Exercise brief: Using the listing below, print the line that contains "0) = density" and each line after it, exactly as shown, through the final one.

Dataset content:
....

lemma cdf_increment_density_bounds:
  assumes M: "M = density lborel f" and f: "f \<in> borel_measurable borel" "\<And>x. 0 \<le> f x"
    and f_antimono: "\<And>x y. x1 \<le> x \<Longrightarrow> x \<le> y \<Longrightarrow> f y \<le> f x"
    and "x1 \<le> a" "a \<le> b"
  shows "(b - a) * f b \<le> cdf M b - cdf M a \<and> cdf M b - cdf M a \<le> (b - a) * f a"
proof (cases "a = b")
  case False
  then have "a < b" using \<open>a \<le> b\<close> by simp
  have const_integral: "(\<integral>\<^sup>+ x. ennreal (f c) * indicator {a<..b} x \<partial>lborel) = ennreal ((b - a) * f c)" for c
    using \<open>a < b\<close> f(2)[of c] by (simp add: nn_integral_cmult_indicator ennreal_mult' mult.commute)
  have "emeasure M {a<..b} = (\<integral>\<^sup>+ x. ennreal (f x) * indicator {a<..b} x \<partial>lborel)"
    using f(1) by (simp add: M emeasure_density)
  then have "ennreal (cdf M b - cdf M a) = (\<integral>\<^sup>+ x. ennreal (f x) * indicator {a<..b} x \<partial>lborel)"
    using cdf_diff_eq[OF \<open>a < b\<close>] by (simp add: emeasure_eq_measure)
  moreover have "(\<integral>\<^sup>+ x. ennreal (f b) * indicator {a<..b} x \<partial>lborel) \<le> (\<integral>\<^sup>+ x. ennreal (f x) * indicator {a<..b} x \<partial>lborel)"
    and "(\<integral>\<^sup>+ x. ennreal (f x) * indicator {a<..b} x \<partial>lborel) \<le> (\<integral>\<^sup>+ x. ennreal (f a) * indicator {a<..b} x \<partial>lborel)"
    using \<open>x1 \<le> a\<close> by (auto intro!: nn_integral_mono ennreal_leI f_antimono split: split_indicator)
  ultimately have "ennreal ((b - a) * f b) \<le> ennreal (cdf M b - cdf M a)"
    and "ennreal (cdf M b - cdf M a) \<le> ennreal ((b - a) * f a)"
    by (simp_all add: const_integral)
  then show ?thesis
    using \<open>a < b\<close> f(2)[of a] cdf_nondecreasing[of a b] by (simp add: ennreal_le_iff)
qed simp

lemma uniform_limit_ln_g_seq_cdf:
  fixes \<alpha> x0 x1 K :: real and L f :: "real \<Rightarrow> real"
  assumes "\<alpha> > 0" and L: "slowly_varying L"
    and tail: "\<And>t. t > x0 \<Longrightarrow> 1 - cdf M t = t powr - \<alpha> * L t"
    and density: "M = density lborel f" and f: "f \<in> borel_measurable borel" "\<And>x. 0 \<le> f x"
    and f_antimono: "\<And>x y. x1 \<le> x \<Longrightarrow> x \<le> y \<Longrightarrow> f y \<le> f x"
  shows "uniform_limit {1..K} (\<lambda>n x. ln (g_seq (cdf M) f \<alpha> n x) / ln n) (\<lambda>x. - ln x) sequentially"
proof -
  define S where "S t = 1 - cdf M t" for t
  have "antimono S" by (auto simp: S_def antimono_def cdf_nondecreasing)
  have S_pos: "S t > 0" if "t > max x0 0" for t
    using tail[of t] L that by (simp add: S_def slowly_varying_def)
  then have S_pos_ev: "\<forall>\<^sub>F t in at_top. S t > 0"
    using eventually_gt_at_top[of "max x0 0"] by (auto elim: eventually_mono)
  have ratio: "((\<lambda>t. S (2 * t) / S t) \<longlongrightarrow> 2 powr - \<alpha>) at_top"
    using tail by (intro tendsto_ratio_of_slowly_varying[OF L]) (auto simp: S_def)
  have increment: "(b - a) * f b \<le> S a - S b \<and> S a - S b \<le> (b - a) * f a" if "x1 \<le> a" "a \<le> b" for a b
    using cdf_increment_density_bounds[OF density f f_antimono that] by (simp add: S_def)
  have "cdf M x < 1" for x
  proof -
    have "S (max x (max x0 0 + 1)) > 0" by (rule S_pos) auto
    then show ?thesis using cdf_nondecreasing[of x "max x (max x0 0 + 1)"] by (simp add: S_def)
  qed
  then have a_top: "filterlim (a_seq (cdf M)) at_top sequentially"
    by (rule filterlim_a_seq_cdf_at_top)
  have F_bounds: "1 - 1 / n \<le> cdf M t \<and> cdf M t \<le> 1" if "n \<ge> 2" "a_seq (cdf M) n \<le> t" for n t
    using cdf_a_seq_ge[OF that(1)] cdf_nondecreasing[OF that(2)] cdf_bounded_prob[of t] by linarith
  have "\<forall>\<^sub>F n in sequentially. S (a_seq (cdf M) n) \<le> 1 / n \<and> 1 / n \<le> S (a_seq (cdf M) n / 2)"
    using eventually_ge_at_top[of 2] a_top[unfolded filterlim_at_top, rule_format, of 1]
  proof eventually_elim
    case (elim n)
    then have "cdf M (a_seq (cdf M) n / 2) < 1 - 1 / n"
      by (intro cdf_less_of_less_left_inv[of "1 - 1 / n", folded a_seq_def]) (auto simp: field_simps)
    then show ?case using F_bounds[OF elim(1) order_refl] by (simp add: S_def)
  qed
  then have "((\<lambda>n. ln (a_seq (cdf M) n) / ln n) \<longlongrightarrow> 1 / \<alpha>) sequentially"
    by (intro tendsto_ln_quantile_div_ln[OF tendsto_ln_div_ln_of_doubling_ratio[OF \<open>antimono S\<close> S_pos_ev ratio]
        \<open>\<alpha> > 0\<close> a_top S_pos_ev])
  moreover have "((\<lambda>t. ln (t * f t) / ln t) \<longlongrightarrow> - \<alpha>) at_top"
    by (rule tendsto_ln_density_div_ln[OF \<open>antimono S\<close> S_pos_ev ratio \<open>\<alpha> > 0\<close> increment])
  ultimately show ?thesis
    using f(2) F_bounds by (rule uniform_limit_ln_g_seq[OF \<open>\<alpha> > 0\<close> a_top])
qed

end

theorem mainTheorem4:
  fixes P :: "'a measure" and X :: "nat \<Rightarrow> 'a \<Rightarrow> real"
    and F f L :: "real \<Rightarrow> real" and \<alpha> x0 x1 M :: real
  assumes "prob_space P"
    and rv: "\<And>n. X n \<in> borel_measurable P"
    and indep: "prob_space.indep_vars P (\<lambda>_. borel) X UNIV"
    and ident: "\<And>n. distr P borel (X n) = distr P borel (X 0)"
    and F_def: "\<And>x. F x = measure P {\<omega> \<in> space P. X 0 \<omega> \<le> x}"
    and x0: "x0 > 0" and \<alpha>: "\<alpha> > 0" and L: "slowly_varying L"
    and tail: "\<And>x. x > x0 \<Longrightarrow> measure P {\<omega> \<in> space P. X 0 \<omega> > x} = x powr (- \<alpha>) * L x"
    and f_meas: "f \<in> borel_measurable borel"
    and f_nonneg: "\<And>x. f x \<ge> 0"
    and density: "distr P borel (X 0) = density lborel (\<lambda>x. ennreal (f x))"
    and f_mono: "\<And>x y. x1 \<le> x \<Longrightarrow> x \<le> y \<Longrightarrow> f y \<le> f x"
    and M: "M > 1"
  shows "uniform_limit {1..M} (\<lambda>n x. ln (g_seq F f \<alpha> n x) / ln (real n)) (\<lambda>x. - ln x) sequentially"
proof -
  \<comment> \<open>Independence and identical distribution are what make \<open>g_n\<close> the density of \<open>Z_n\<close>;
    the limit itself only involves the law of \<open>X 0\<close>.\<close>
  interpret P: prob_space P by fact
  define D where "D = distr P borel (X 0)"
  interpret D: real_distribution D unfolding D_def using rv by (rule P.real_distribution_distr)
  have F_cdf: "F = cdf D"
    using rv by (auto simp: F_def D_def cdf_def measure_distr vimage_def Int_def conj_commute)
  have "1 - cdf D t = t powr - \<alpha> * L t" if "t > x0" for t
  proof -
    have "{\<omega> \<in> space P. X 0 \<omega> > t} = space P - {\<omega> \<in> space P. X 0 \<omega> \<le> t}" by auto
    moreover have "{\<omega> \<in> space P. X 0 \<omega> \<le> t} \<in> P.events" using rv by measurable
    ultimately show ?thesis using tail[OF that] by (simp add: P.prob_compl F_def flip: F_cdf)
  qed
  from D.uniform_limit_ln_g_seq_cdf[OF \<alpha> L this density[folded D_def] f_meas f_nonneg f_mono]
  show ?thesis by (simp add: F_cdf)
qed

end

....

Solution to the problem:
    and density: "distr P borel (X 0) = density lborel (\<lambda>x. ennreal (f x))"
    and f_mono: "\<And>x y. x1 \<le> x \<Longrightarrow> x \<le> y \<Longrightarrow> f y \<le> f x"
    and M: "M > 1"
  shows "uniform_limit {1..M} (\<lambda>n x. ln (g_seq F f \<alpha> n x) / ln (real n)) (\<lambda>x. - ln x) sequentially"
proof -
  \<comment> \<open>Independence and identical distribution are what make \<open>g_n\<close> the density of \<open>Z_n\<close>;
    the limit itself only involves the law of \<open>X 0\<close>.\<close>
  interpret P: prob_space P by fact
  define D where "D = distr P borel (X 0)"
  interpret D: real_distribution D unfolding D_def using rv by (rule P.real_distribution_distr)
  have F_cdf: "F = cdf D"
    using rv by (auto simp: F_def D_def cdf_def measure_distr vimage_def Int_def conj_commute)
  have "1 - cdf D t = t powr - \<alpha> * L t" if "t > x0" for t
  proof -
    have "{\<omega> \<in> space P. X 0 \<omega> > t} = space P - {\<omega> \<in> space P. X 0 \<omega> \<le> t}" by auto
    moreover have "{\<omega> \<in> space P. X 0 \<omega> \<le> t} \<in> P.events" using rv by measurable
    ultimately show ?thesis using tail[OF that] by (simp add: P.prob_compl F_def flip: F_cdf)
  qed
  from D.uniform_limit_ln_g_seq_cdf[OF \<alpha> L this density[folded D_def] f_meas f_nonneg f_mono]
  show ?thesis by (simp add: F_cdf)
qed

end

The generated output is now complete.